Net scan finds like-minded users
Technology Research News
When you search for information on the
Web, chances are you aren't alone -- there are like-minded groups of users
across the Web searching for the same sorts of things.
Researchers from the University of Chicago have shown that is
possible to identify these groups by analyzing browsing patterns, even
in networks as far-flung as the Web.
The researchers' method of graphing information across data distribution
systems like the Internet shows that, given a large enough sample, computer
users can be grouped according to their common interests based only on
their requests for data. "One of the first questions we asked was is the
group-based collaboration of scientists mirrored somehow in their usage
of data," said Adriana Iamnitchi, a researcher at the University of Chicago.
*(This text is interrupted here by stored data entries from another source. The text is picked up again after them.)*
text \<open>The ampliations \<open>id\<^sub>n \<otimes> \<sigma>\<^sub>k\<close> of the Pauli matrices, acting on \<open>\<complex>\<^sup>2\<^sup>n\<close>.\<close>
definition pauli1_vec :: "nat \<Rightarrow> complex vec \<Rightarrow> complex vec" where
  "pauli1_vec n v = vec (2*n) (\<lambda>i. if even i then v$(i+1) else v$(i-1))"
definition pauli2_vec :: "nat \<Rightarrow> complex vec \<Rightarrow> complex vec" where
  "pauli2_vec n v = vec (2*n) (\<lambda>i. if even i then - \<i> * v$(i+1) else \<i> * v$(i-1))"
definition pauli3_vec :: "nat \<Rightarrow> complex vec \<Rightarrow> complex vec" where
  "pauli3_vec n v = vec (2*n) (\<lambda>i. if even i then v$i else - v$i)"

lemma pauli_vec_carrier [simp]:
  "pauli1_vec n v \<in> carrier_vec (2*n)" "pauli2_vec n v \<in> carrier_vec (2*n)" "pauli3_vec n v \<in> carrier_vec (2*n)"
  by (simp_all add: pauli1_vec_def pauli2_vec_def pauli3_vec_def)

lemma pauli_vec_index:
  assumes "p < n"
  shows "pauli1_vec n v $ (2*p) = v$(2*p+1)" "pauli1_vec n v $ (2*p+1) = v$(2*p)"
    "pauli2_vec n v $ (2*p) = - \<i> * v$(2*p+1)" "pauli2_vec n v $ (2*p+1) = \<i> * v$(2*p)"
    "pauli3_vec n v $ (2*p) = v$(2*p)" "pauli3_vec n v $ (2*p+1) = - v$(2*p+1)"
  using assms by (simp_all add: pauli1_vec_def pauli2_vec_def pauli3_vec_def)

lemma quad_form_phi_ampliation:
  assumes X: "X \<in> carrier_mat (2*n) (2*n)" and v: "v \<in> carrier_vec (2*n)"
  shows "2 * quad_form (phi_ampliation a n X) v = of_real (2 - 3*a) * quad_form X v
    + of_real a * (quad_form X (pauli1_vec n v) + quad_form X (pauli2_vec n v) + quad_form X (pauli3_vec n v))"
proof -
  have "2 * block_form (phi_ampliation a n X) v p q = (2 - 3 * of_real a) * block_form X v p q
      + of_real a * (block_form X (pauli1_vec n v) p q + block_form X (pauli2_vec n v) p q
                     + block_form X (pauli3_vec n v) p q)"
    if "p < n" "q < n" for p q
    unfolding block_form_def phi_ampliation_index[OF that] pauli_vec_index[OF that(1)] pauli_vec_index[OF that(2)]
    by (simp add: algebra_simps)
  then show ?thesis
    by (simp add: quad_form_blocks[OF X] quad_form_blocks[OF phi_ampliation_carrier(1) v] v
        sum_distrib_left sum.distrib distrib_left)
qed

lemma psd_phi_ampliation:
  assumes a: "0 \<le> a" "a \<le> 2/3" and X: "X \<in> carrier_mat (2*n) (2*n)" and "psd X"
  shows "psd (phi_ampliation a n X)"
proof -
  have herm: "mat_adjoint X = X" and pos: "\<And>u. u \<in> carrier_vec (2*n) \<Longrightarrow> 0 \<le> Re (quad_form X u)"
    using \<open>psd X\<close> X unfolding psd_def by auto
  have "0 \<le> Re (quad_form (phi_ampliation a n X) v)" if v: "v \<in> carrier_vec (2*n)" for v
  proof -
    have "2 * Re (quad_form (phi_ampliation a n X) v) = (2 - 3*a) * Re (quad_form X v)
      + a * (Re (quad_form X (pauli1_vec n v)) + Re (quad_form X (pauli2_vec n v)) + Re (quad_form X (pauli3_vec n v)))"
      using arg_cong[OF quad_form_phi_ampliation[OF X v, of a], of Re] by simp
    moreover have "0 \<le> (2 - 3*a) * Re (quad_form X v)
      + a * (Re (quad_form X (pauli1_vec n v)) + Re (quad_form X (pauli2_vec n v)) + Re (quad_form X (pauli3_vec n v)))"
      using a pos[OF v] pos[OF pauli_vec_carrier(1)] pos[OF pauli_vec_carrier(2)] pos[OF pauli_vec_carrier(3)]
      by (intro add_nonneg_nonneg mult_nonneg_nonneg) auto
    ultimately show ?thesis
      by linarith
  qed
  then show ?thesis
    unfolding psd_def using hermitian_phi_ampliation[OF X herm] by (simp add: square_mat.simps)
qed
The answer turned out to be yes, across all types of group-based
interests. "Communities as heterogeneous as the Web seem to show this
pattern of having users naturally group in interest-based groups," she
The information-request graphing method can be used to design
scalable, adaptive methods for locating and delivering data, said Iamnitchi.
The method could theoretically be used by anyone, including ecommerce
vendors, to target communities of interest.
The researchers are working on using the patterns to design more
efficient services for resource-sharing environments like Grid computing,
Grid software coordinates a few or even hundreds of computers
across networks like the Internet to piece together compute power and
resources like databases into powerful virtual computers; the combined
resources can speed up scientific and engineering applications like time-consuming
equations and three-dimensional simulations.
The researchers found the data-sharing relationship pattern while
looking for a way to leverage characteristics of the Grid computing community
to make that type of computing more efficient, according to Iamnitchi.
"Our idea was to... design mechanisms [that are] able to cope efficiently
with large and dynamic numbers of resources -- data files, computers,
and storage space for results," she said.
One typical characteristic of the community that uses Grid computing
is they tend to collaborate, said Iamnitchi. When the researchers analyzed
traces of scientific computations from a high-energy physics collaboration
that spanned 18 countries and involved 70-odd institutions and thousands
of physicists, they found that the patterns of collaboration were mirrored
in scientists' data requests.
The researchers looked at the relationships that formed among
users based on the data they were interested in. "We captured and quantified
these relationships by modeling the system as a data-sharing ... graph
whose nodes are the data consumers in that system," said Iamnitchi. Nodes,
or people, who requested a given number of the same files within a given
time were connected.
In an analysis of six months worth of scientists' requests for
data, the researchers found that group-based collaboration is visible
in the way information is requested, said Iamnitchi. "Scientists form
groups of interest based on the data they used," she said. The researchers
found the same pattern in a larger analysis of general Web requests.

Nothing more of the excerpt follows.